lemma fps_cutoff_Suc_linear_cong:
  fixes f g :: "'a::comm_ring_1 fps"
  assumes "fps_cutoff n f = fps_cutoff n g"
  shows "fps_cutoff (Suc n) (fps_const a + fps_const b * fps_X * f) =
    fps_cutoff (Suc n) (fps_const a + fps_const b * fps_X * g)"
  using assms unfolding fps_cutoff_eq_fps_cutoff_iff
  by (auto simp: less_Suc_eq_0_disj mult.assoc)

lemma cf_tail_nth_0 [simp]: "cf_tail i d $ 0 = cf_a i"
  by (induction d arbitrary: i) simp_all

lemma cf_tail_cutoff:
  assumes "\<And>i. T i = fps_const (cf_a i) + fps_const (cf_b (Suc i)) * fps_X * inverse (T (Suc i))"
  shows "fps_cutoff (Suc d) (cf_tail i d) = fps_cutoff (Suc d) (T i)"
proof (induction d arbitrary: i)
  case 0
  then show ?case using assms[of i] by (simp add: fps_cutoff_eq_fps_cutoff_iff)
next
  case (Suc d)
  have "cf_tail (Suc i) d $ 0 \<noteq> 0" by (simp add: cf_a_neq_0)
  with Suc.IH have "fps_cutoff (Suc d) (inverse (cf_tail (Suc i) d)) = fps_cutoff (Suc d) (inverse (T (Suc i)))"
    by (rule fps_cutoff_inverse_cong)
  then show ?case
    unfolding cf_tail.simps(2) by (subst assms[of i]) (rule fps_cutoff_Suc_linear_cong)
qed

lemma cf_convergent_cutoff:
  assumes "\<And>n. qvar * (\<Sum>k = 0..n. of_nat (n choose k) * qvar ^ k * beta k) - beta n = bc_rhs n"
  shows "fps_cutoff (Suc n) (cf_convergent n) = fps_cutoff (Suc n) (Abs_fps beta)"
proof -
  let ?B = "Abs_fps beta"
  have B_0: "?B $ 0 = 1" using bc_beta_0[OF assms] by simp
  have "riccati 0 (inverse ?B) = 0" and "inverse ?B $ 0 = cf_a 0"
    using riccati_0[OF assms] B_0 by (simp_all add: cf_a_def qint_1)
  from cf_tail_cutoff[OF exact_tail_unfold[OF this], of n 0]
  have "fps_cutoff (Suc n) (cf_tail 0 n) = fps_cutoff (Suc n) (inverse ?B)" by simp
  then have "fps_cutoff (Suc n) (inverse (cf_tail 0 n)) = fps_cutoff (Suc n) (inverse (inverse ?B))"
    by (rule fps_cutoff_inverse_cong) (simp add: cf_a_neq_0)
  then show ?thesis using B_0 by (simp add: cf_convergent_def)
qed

* * *

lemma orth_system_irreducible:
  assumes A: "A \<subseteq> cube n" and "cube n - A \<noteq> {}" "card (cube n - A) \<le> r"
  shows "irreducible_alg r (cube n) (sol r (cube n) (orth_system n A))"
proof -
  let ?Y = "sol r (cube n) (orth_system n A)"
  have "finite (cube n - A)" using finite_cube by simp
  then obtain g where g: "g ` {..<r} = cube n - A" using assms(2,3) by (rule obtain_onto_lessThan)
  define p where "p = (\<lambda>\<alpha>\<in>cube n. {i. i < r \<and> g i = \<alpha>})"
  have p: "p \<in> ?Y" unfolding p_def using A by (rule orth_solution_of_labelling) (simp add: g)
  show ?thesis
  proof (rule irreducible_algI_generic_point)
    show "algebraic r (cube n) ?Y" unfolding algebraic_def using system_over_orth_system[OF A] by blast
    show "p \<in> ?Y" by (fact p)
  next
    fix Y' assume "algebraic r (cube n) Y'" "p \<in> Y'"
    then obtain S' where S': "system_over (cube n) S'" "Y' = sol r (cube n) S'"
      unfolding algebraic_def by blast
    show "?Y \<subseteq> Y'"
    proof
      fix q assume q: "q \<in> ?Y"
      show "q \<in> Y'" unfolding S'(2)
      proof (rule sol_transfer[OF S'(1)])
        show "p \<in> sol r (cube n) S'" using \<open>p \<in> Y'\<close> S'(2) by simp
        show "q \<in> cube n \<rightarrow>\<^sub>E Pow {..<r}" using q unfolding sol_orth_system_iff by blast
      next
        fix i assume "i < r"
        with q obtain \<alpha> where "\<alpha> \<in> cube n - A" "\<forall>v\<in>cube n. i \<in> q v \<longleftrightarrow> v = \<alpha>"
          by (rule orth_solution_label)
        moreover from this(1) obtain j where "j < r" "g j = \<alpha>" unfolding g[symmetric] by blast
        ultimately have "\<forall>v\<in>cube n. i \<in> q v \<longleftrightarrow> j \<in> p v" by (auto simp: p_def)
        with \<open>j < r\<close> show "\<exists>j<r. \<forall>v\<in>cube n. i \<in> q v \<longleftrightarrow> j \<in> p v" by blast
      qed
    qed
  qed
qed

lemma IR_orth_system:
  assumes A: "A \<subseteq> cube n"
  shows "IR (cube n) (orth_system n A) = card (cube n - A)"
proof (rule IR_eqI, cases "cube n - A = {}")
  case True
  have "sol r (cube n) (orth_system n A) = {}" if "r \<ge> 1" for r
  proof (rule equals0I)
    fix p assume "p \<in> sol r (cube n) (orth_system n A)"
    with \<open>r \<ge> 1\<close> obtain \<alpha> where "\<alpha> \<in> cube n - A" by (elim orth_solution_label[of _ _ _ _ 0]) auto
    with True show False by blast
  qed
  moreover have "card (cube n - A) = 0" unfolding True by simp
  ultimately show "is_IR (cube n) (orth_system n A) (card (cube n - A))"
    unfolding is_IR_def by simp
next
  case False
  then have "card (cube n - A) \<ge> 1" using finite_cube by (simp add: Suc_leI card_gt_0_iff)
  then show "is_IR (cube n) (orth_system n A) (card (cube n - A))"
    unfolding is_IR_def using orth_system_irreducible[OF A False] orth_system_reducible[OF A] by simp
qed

* * *

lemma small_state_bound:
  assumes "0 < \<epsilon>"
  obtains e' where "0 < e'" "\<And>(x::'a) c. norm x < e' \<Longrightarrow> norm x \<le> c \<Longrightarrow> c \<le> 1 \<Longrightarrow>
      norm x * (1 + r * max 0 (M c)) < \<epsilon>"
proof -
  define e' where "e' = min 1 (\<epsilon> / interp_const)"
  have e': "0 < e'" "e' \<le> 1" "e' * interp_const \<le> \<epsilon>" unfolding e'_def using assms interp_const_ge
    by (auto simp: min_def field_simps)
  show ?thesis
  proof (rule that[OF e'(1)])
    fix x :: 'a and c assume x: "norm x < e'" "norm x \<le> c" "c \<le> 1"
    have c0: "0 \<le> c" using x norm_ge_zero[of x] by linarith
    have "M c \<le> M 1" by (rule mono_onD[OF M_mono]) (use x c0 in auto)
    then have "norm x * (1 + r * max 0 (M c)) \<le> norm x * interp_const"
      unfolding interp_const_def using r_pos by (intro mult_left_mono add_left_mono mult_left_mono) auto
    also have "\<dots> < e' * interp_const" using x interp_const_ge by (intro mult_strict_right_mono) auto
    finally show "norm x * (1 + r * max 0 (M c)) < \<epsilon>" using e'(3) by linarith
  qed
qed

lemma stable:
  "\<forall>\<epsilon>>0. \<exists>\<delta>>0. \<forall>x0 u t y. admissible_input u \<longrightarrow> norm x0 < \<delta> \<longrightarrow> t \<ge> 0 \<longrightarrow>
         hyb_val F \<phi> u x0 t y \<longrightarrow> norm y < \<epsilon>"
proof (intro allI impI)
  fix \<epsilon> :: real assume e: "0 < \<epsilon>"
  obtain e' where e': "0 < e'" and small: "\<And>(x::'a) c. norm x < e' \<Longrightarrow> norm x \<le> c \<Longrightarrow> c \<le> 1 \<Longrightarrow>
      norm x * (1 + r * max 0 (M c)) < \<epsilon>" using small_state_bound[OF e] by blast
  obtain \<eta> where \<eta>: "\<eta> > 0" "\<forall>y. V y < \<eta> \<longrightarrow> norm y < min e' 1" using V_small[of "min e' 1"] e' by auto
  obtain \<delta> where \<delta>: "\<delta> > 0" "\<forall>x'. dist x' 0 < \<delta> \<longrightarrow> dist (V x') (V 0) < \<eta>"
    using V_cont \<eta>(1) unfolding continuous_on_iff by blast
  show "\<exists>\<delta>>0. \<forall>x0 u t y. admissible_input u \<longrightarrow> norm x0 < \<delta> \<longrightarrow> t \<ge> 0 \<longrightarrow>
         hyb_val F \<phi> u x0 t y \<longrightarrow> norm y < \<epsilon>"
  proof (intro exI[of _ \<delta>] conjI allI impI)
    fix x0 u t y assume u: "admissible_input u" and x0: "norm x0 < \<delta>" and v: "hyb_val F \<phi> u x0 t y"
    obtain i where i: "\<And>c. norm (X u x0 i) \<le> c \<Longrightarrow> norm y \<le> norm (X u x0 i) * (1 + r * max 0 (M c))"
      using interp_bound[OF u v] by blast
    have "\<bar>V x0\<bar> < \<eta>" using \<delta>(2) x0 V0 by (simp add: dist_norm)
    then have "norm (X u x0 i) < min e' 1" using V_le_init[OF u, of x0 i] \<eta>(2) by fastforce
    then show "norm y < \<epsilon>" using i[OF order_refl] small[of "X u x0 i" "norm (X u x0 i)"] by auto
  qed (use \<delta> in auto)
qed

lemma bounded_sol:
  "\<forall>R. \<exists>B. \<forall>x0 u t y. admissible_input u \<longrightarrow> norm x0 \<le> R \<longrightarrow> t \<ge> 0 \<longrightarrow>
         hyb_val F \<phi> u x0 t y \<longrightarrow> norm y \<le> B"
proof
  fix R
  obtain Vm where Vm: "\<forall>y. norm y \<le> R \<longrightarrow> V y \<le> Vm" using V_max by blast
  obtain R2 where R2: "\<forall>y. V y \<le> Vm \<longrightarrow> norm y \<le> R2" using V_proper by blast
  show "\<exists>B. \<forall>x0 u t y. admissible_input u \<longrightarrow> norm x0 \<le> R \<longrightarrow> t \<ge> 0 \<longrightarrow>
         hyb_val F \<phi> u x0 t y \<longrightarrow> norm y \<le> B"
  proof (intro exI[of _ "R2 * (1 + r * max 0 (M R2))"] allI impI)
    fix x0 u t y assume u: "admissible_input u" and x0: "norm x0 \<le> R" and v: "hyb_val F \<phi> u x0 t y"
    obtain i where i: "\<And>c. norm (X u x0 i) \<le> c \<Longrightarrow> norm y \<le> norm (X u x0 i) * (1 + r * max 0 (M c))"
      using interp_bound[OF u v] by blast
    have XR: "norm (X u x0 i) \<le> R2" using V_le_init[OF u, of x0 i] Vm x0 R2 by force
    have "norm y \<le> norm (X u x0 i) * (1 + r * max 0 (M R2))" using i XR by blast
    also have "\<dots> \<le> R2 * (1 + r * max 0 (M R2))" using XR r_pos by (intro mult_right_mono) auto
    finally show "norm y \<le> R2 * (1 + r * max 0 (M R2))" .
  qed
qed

* * *

### [Problem statement]
Print again the lines of the entries above that fall between the line holding "define e' where" and the line holding "proof (intro allI impI)", inclusive, exactly as they stand.

### [Worked solution]
  define e' where "e' = min 1 (\<epsilon> / interp_const)"
  have e': "0 < e'" "e' \<le> 1" "e' * interp_const \<le> \<epsilon>" unfolding e'_def using assms interp_const_ge
    by (auto simp: min_def field_simps)
  show ?thesis
  proof (rule that[OF e'(1)])
    fix x :: 'a and c assume x: "norm x < e'" "norm x \<le> c" "c \<le> 1"
    have c0: "0 \<le> c" using x norm_ge_zero[of x] by linarith
    have "M c \<le> M 1" by (rule mono_onD[OF M_mono]) (use x c0 in auto)
    then have "norm x * (1 + r * max 0 (M c)) \<le> norm x * interp_const"
      unfolding interp_const_def using r_pos by (intro mult_left_mono add_left_mono mult_left_mono) auto
    also have "\<dots> < e' * interp_const" using x interp_const_ge by (intro mult_strict_right_mono) auto
    finally show "norm x * (1 + r * max 0 (M c)) < \<epsilon>" using e'(3) by linarith
  qed
qed

lemma stable:
  "\<forall>\<epsilon>>0. \<exists>\<delta>>0. \<forall>x0 u t y. admissible_input u \<longrightarrow> norm x0 < \<delta> \<longrightarrow> t \<ge> 0 \<longrightarrow>
         hyb_val F \<phi> u x0 t y \<longrightarrow> norm y < \<epsilon>"
proof (intro allI impI)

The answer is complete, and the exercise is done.